That is to say, only around 1/10th of the present electricity usage of the United Kingdom, or about 10 large power stations. This looks like a low estimation to me, but I am no engineer. These sea-oriented methods are not discussed in the much quoted Pimentel assessment.

As the article on the English offshore system states

“Its backers believe the concept can become a rival to wind power because ocean currents are more reliable than wind and also because they are less obtrusive; the structure is built on the seabed and projects just a few metres above the surface.”

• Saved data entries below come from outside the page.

(* Let $\Delta$ be a saturated sample set. For every basic term $t$, every valuation $\theta$, and every $\Delta$-diagram $\delta$: if $\theta(x)$ strongly extends $\delta_x$ for every term variable $x$, then $[\![t]\!]_\theta$ strongly extends $\delta_t$.
   Context: Time warps: $\overline{\omega}=\omega\cup\{\omega\}$ with its natural order; a time warp is a monotone $f\colon\overline\omega\to\overline\omega$ with $f(0)=0$, $f(\omega)=\bigvee_{n\in\omega}f(n)$; $W$ is the set of time warps ordered pointwise, $fg:=f\circ g$, $\mathrm{id}$ identity, $\bot$ constant $0$, $\top$ maps $p\neq0$ to $\omega$. Residuals $\backslash,/$ on $W$ satisfy $f\le h/g\iff fg\le h\iff g\le f\backslash h$; $f^{\ell}:=\mathrm{id}/f$, $f^{r}:=f\backslash\mathrm{id}$, $f^{o}:=\top\backslash f$; $\mathrm{last}(f):=\bigwedge\{p\in\overline\omega\mid f(p)=f(\omega)\}$. Basic terms: $t,u::=x\mid tu\mid t^{o}\mid t^{\ell}\mid t^{r}\mid\mathrm{id}\mid\bot$ ($x$ a term variable). A valuation $\theta$ maps term variables to $W$; $[\![x]\!]_\theta=\theta(x)$, $[\![tu]\!]_\theta=[\![t]\!]_\theta[\![u]\!]_\theta$, $[\![t^{\star}]\!]_\theta=([\![t]\!]_\theta)^{\star}$ for $\star\in\{o,\ell,r\}$, $[\![\mathrm{id}]\!]_\theta=\mathrm{id}$, $[\![\bot]\!]_\theta=\bot$. Samples: $\alpha::=\kappa\mid t[\alpha]\mid\mathsf{s}(\alpha)\mid\mathsf{p}(\alpha)\mid\mathsf{last}(t)$ ($\kappa$ a time variable, $t$ a basic term). Relation $\leadsto$: $t[\alpha]\leadsto\alpha$; $\mathsf{s}(\alpha)\leadsto\alpha$; $\mathsf{p}(\alpha)\leadsto\alpha$; $(tu)[\alpha]\leadsto t[u[\alpha]]$; $t^{o}[\alpha]\leadsto t[\alpha]$; $t^{r}[\alpha]\leadsto t[t^{r}[\alpha]], t[\mathsf{s}(t^{r}[\alpha])]$; $t^{\ell}[\alpha]\leadsto t[t^{\ell}[\alpha]], t[\mathsf{p}(t^{\ell}[\alpha])]$; $t[\alpha]\leadsto t[\mathsf{last}(t)]$. A sample set is saturated if closed under $\leadsto$. For $p\in\overline\omega$: $p\ominus1=p-1$ if $p\in\omega\setminus\{0\}$, else $p$; $p\oplus1=p+1$ if $p\in\omega$, else $p$. For a saturated sample set $\Delta$, a $\Delta$-diagram is a map $\delta\colon\Delta\to\overline\omega$ such that (all samples mentioned belonging to $\Delta$): (S1) $\delta(\alpha)\le\delta(\beta)\Rightarrow\delta(t[\alpha])\le\delta(t[\beta])$; (S2) $\delta(\alpha)=0\Rightarrow\delta(t[\alpha])=0$; (S3) $\delta(\mathsf{p}(\alpha))=\delta(\alpha)\ominus1$; (S4) $\delta(\mathsf{s}(\alpha))=\delta(\alpha)\oplus1$; (S5) for $t[\alpha]\in\Delta$: $\delta(\mathsf{last}(t))\le\delta(\alpha)\iff\delta(t[\alpha])=\delta(t[\mathsf{last}(t)])$; (S6) $\delta(\mathsf{last}(t))=\omega\Rightarrow\delta(t[\mathsf{last}(t)])=\omega$; (L1) $\delta(\mathrm{id}[\alpha])=\delta(\alpha)$; (L2) if $\bot[\alpha]\in\Delta$ then $\delta(\mathsf{last}(\bot))=0$; (L3) $\delta((tu)[\alpha])=\delta(t[u[\alpha]])$; (L4) if $(tu)[\mathsf{last}(tu)]\in\Delta$ and $\delta(\mathsf{last}(tu))=\omega$ then $\delta(\mathsf{last}(t))=\delta(\mathsf{last}(u))=\omega$; (O1) $\delta(t^{o}[\alpha])\in\{0,\omega\}$; (O2) $\delta(\alpha)<\omega\Rightarrow(\delta(t^{o}[\alpha])=\omega\iff\delta(t[\alpha])=\omega)$; (O3) $\delta(\mathsf{last}(t^{o}))<\omega$; (O4) for $t[\alpha],t^{o}[\mathsf{last}(t^{o})]\in\Delta$: if $\delta(t^{o}[\mathsf{last}(t^{o})])<\omega$ and $\delta(\alpha)<\omega$ then $\delta(t[\alpha])<\omega$; (R1) $\delta(t[t^{r}[\alpha]])\le\delta(\alpha)$; (R2) for $t^{r}[\alpha]\in\Delta$: if $0<\delta(\alpha)<\omega$ and $\delta(t^{r}[\alpha])<\omega$ then $\delta(\alpha)<\delta(t[\mathsf{s}(t^{r}[\alpha])])$; (R3) for $t^{r}[\mathsf{last}(t^{r})]\in\Delta$: $\delta(\mathsf{last}(t^{r}))=\omega\Rightarrow\delta(\mathsf{last}(t))=\omega$; (R4) for $t^{r}[\mathsf{last}(t^{r})]\in\Delta$: $\delta(t^{r}[\mathsf{last}(t^{r})])<\omega\Rightarrow\delta(t[\mathsf{s}(t^{r}[\mathsf{last}(t^{r})])])=\omega$; (Λ1) for $t[t^{\ell}[\alpha]]\in\Delta$: $\delta(t^{\ell}[\alpha])<\omega\Rightarrow\delta(\alpha)\le\delta(t[t^{\ell}[\alpha]])$; (Λ2) for $t^{\ell}[\alpha]\in\Delta$: if $0<\delta(\alpha)<\omega$ and $\delta(t^{\ell}[\alpha])<\omega$ then $\delta(t[\mathsf{p}(t^{\ell}[\alpha])])<\delta(\alpha)$; (Λ3) for $t[t^{\ell}[\alpha]]\in\Delta$: if $\delta(\alpha)<\omega$ and $\delta(t^{\ell}[\alpha])=\omega$ then $\delta(t[t^{\ell}[\alpha]])<\delta(\alpha)$; (Λ4) for $t^{\ell}[\mathsf{last}(t^{\ell})]\in\Delta$: $\delta(\mathsf{last}(t^{\ell}))=\omega\Rightarrow\delta(\mathsf{last}(t))=\omega$; (Λ5) for $t^{\ell}[\mathsf{last}(t^{\ell})]\in\Delta$: $\delta(t^{\ell}[\mathsf{last}(t^{\ell})])<\omega\Rightarrow\delta(t[t^{\ell}[\mathsf{last}(t^{\ell})]])=\omega$. For a $\Delta$-diagram $\delta$ and basic term $t$, let $\delta_t:=\{(\delta(\alpha),\delta(t[\alpha]))\mid t[\alpha]\in\Delta\}$. A time warp $f$ extends $\delta_t$ if $f(i)=j$ for all $(i,j)\in\delta_t$, and strongly extends $\delta_t$ if moreover either $\delta_t=\emptyset$, or ($\delta_t\ne\emptyset$ and $\delta(\mathsf{last}(t))=\omega$ implies $\mathrm{last}(f)=\omega$). *)

theory Defs
  imports "HOL-Library.Extended_Nat"
begin

section \<open>Time warps on \<open>\<omega>\<close>-bar (rendered as enat, with \<infinity> for \<omega>)\<close>

definition time_warp :: "(enat \<Rightarrow> enat) \<Rightarrow> bool" where
  "time_warp f \<longleftrightarrow> mono f \<and> f 0 = 0 \<and> f \<infinity> = (SUP n. f (enat n))"

definition W :: "(enat \<Rightarrow> enat) set" where
  "W = {f. time_warp f}"

definition top_w :: "enat \<Rightarrow> enat" where
  "top_w p = (if p = 0 then 0 else \<infinity>)"

definition bot_w :: "enat \<Rightarrow> enat" where
  "bot_w p = 0"

text \<open>Residuals in W (pointwise order, composition as multiplication):
  h / g is the greatest f in W with f \<circ> g \<le> h; f \ h is the greatest g in W with f \<circ> g \<le> h.
  They are given by pointwise suprema, W being closed under pointwise suprema.\<close>

definition rres :: "(enat \<Rightarrow> enat) \<Rightarrow> (enat \<Rightarrow> enat) \<Rightarrow> (enat \<Rightarrow> enat)" where
  "rres h g = (\<lambda>p. SUP f \<in> {f \<in> W. f \<circ> g \<le> h}. f p)"

definition lres :: "(enat \<Rightarrow> enat) \<Rightarrow> (enat \<Rightarrow> enat) \<Rightarrow> (enat \<Rightarrow> enat)" where
  "lres f h = (\<lambda>p. SUP g \<in> {g \<in> W. f \<circ> g \<le> h}. g p)"

definition ladj :: "(enat \<Rightarrow> enat) \<Rightarrow> (enat \<Rightarrow> enat)" where
  "ladj f = rres id f"

definition radj :: "(enat \<Rightarrow> enat) \<Rightarrow> (enat \<Rightarrow> enat)" where
  "radj f = lres f id"

definition ores :: "(enat \<Rightarrow> enat) \<Rightarrow> (enat \<Rightarrow> enat)" where
  "ores f = lres top_w f"

definition lastw :: "(enat \<Rightarrow> enat) \<Rightarrow> enat" where
  "lastw f = Inf {p. f p = f \<infinity>}"

datatype 'v bterm =
    BVar 'v
  | BComp "'v bterm" "'v bterm"
  | BO "'v bterm"
  | BL "'v bterm"
  | BR "'v bterm"
  | BId
  | BBot

primrec eval :: "('v \<Rightarrow> (enat \<Rightarrow> enat)) \<Rightarrow> 'v bterm \<Rightarrow> (enat \<Rightarrow> enat)" where
  "eval \<theta> (BVar x) = \<theta> x"
| "eval \<theta> (BComp t u) = eval \<theta> t \<circ> eval \<theta> u"
| "eval \<theta> (BO t) = ores (eval \<theta> t)"
| "eval \<theta> (BL t) = ladj (eval \<theta> t)"
| "eval \<theta> (BR t) = radj (eval \<theta> t)"
| "eval \<theta> BId = id"
| "eval \<theta> BBot = bot_w"

datatype ('k, 'v) sample =
    SVar 'k
  | SApp "'v bterm" "('k, 'v) sample"
  | SS "('k, 'v) sample"
  | SP "('k, 'v) sample"
  | SLast "'v bterm"

inductive leadsto :: "('k, 'v) sample \<Rightarrow> ('k, 'v) sample \<Rightarrow> bool" where
  "leadsto (SApp t a) a"
| "leadsto (SS a) a"
| "leadsto (SP a) a"
| "leadsto (SApp (BComp t u) a) (SApp t (SApp u a))"
| "leadsto (SApp (BO t) a) (SApp t a)"
| "leadsto (SApp (BR t) a) (SApp t (SApp (BR t) a))"
| "leadsto (SApp (BR t) a) (SApp t (SS (SApp (BR t) a)))"
| "leadsto (SApp (BL t) a) (SApp t (SApp (BL t) a))"
| "leadsto (SApp (BL t) a) (SApp t (SP (SApp (BL t) a)))"
| "leadsto (SApp t a) (SApp t (SLast t))"

definition saturated :: "('k, 'v) sample set \<Rightarrow> bool" where
  "saturated D \<longleftrightarrow> (\<forall>a b. a \<in> D \<longrightarrow> leadsto a b \<longrightarrow> b \<in> D)"

definition ominus1 :: "enat \<Rightarrow> enat" where
  "ominus1 p = (if p \<noteq> 0 \<and> p \<noteq> \<infinity> then p - 1 else p)"

definition oplus1 :: "enat \<Rightarrow> enat" where
  "oplus1 p = (if p \<noteq> \<infinity> then p + 1 else p)"

text \<open>A D-diagram: a map from samples to enat (only its values on D matter), subject to the
  conditions (S1)-(S6), (L1)-(L4), (O1)-(O4), (R1)-(R4), (\<Lambda>1)-(\<Lambda>5), where every sample
  mentioned in a condition is required to belong to D.\<close>

definition diagram :: "('k, 'v) sample set \<Rightarrow> (('k, 'v) sample \<Rightarrow> enat) \<Rightarrow> bool" where
  "diagram D \<delta> \<longleftrightarrow>
    \<comment> \<open>S1\<close>
    (\<forall>t a b. a \<in> D \<and> b \<in> D \<and> SApp t a \<in> D \<and> SApp t b \<in> D \<and> \<delta> a \<le> \<delta> b
        \<longrightarrow> \<delta> (SApp t a) \<le> \<delta> (SApp t b)) \<and>
    \<comment> \<open>S2\<close>
    (\<forall>t a. a \<in> D \<and> SApp t a \<in> D \<and> \<delta> a = 0 \<longrightarrow> \<delta> (SApp t a) = 0) \<and>
    \<comment> \<open>S3\<close>
    (\<forall>a. a \<in> D \<and> SP a \<in> D \<longrightarrow> \<delta> (SP a) = ominus1 (\<delta> a)) \<and>
    \<comment> \<open>S4\<close>
    (\<forall>a. a \<in> D \<and> SS a \<in> D \<longrightarrow> \<delta> (SS a) = oplus1 (\<delta> a)) \<and>
    \<comment> \<open>S5\<close>
    (\<forall>t a. a \<in> D \<and> SApp t a \<in> D \<and> SLast t \<in> D \<and> SApp t (SLast t) \<in> D \<longrightarrow>
        (\<delta> (SLast t) \<le> \<delta> a \<longleftrightarrow> \<delta> (SApp t a) = \<delta> (SApp t (SLast t)))) \<and>
    \<comment> \<open>S6\<close>
    (\<forall>t. SLast t \<in> D \<and> SApp t (SLast t) \<in> D \<and> \<delta> (SLast t) = \<infinity> \<longrightarrow>
        \<delta> (SApp t (SLast t)) = \<infinity>) \<and>
    \<comment> \<open>L1\<close>
    (\<forall>a. a \<in> D \<and> SApp BId a \<in> D \<longrightarrow> \<delta> (SApp BId a) = \<delta> a) \<and>
    \<comment> \<open>L2\<close>
    (\<forall>a. SApp BBot a \<in> D \<and> SLast BBot \<in> D \<longrightarrow> \<delta> (SLast BBot) = 0) \<and>
    \<comment> \<open>L3\<close>
    (\<forall>t u a. SApp (BComp t u) a \<in> D \<and> SApp t (SApp u a) \<in> D \<longrightarrow>
        \<delta> (SApp (BComp t u) a) = \<delta> (SApp t (SApp u a))) \<and>
    \<comment> \<open>L4\<close>
    (\<forall>t u. SApp (BComp t u) (SLast (BComp t u)) \<in> D \<and> SLast (BComp t u) \<in> D \<and>
        SLast t \<in> D \<and> SLast u \<in> D \<and> \<delta> (SLast (BComp t u)) = \<infinity> \<longrightarrow>
        \<delta> (SLast t) = \<infinity> \<and> \<delta> (SLast u) = \<infinity>) \<and>
    \<comment> \<open>O1\<close>
    (\<forall>t a. SApp (BO t) a \<in> D \<longrightarrow> \<delta> (SApp (BO t) a) \<in> {0, \<infinity>}) \<and>
    \<comment> \<open>O2\<close>
    (\<forall>t a. a \<in> D \<and> SApp (BO t) a \<in> D \<and> SApp t a \<in> D \<and> \<delta> a < \<infinity> \<longrightarrow>
        (\<delta> (SApp (BO t) a) = \<infinity> \<longleftrightarrow> \<delta> (SApp t a) = \<infinity>)) \<and>
    \<comment> \<open>O3\<close>
    (\<forall>t. SLast (BO t) \<in> D \<longrightarrow> \<delta> (SLast (BO t)) < \<infinity>) \<and>
    \<comment> \<open>O4\<close>
    (\<forall>t a. a \<in> D \<and> SApp t a \<in> D \<and> SApp (BO t) (SLast (BO t)) \<in> D \<and>
        \<delta> (SApp (BO t) (SLast (BO t))) < \<infinity> \<and> \<delta> a < \<infinity> \<longrightarrow> \<delta> (SApp t a) < \<infinity>) \<and>
    \<comment> \<open>R1\<close>
    (\<forall>t a. a \<in> D \<and> SApp t (SApp (BR t) a) \<in> D \<longrightarrow>
        \<delta> (SApp t (SApp (BR t) a)) \<le> \<delta> a) \<and>
    \<comment> \<open>R2\<close>
    (\<forall>t a. a \<in> D \<and> SApp (BR t) a \<in> D \<and> SApp t (SS (SApp (BR t) a)) \<in> D \<and>
        0 < \<delta> a \<and> \<delta> a < \<infinity> \<and> \<delta> (SApp (BR t) a) < \<infinity> \<longrightarrow>
        \<delta> a < \<delta> (SApp t (SS (SApp (BR t) a)))) \<and>
    \<comment> \<open>R3\<close>
    (\<forall>t. SApp (BR t) (SLast (BR t)) \<in> D \<and> SLast (BR t) \<in> D \<and> SLast t \<in> D \<and>
        \<delta> (SLast (BR t)) = \<infinity> \<longrightarrow> \<delta> (SLast t) = \<infinity>) \<and>
    \<comment> \<open>R4\<close>
    (\<forall>t. SApp (BR t) (SLast (BR t)) \<in> D \<and>
        SApp t (SS (SApp (BR t) (SLast (BR t)))) \<in> D \<and>
        \<delta> (SApp (BR t) (SLast (BR t))) < \<infinity> \<longrightarrow>
        \<delta> (SApp t (SS (SApp (BR t) (SLast (BR t))))) = \<infinity>) \<and>
    \<comment> \<open>\<Lambda>1\<close>
    (\<forall>t a. a \<in> D \<and> SApp (BL t) a \<in> D \<and> SApp t (SApp (BL t) a) \<in> D \<and>
        \<delta> (SApp (BL t) a) < \<infinity> \<longrightarrow> \<delta> a \<le> \<delta> (SApp t (SApp (BL t) a))) \<and>
    \<comment> \<open>\<Lambda>2\<close>
    (\<forall>t a. a \<in> D \<and> SApp (BL t) a \<in> D \<and> SApp t (SP (SApp (BL t) a)) \<in> D \<and>
        0 < \<delta> a \<and> \<delta> a < \<infinity> \<and> \<delta> (SApp (BL t) a) < \<infinity> \<longrightarrow>
        \<delta> (SApp t (SP (SApp (BL t) a))) < \<delta> a) \<and>
    \<comment> \<open>\<Lambda>3\<close>
    (\<forall>t a. a \<in> D \<and> SApp (BL t) a \<in> D \<and> SApp t (SApp (BL t) a) \<in> D \<and>
        \<delta> a < \<infinity> \<and> \<delta> (SApp (BL t) a) = \<infinity> \<longrightarrow> \<delta> (SApp t (SApp (BL t) a)) < \<delta> a) \<and>
    \<comment> \<open>\<Lambda>4\<close>
    (\<forall>t. SApp (BL t) (SLast (BL t)) \<in> D \<and> SLast (BL t) \<in> D \<and> SLast t \<in> D \<and>
        \<delta> (SLast (BL t)) = \<infinity> \<longrightarrow> \<delta> (SLast t) = \<infinity>) \<and>
    \<comment> \<open>\<Lambda>5\<close>
    (\<forall>t. SApp (BL t) (SLast (BL t)) \<in> D \<and> SApp t (SApp (BL t) (SLast (BL t))) \<in> D \<and>
        \<delta> (SApp (BL t) (SLast (BL t))) < \<infinity> \<longrightarrow>
        \<delta> (SApp t (SApp (BL t) (SLast (BL t)))) = \<infinity>)"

Another wave generator design

The item headline is “the world's first commercial wave power station is going into action in Scotland”, but no actual start date is given.

The generator is quoted as designed for 1/2 megawatt, but again details are not given. Windmills are now moving towards 3 megawatts and higher, this design also relies on air pressure.

Non-rigid tidal generator method

links from Alan G and James Hammerton

Wind

Pimentel reckons that wind power could be expanded in the United States to produce the equivalent of 230 big power stations, which would take up approximately 8 million hectares. My untutored guess is this may well be a considerable under-estimate, as windmills are developed, enlarged in capacity, and may be mounted ever higher in order to reach more powerful winds, or ganged more than one to a pillar, or built out to sea. Whether such development would affect weather conditions, I do not yet know enough to guess.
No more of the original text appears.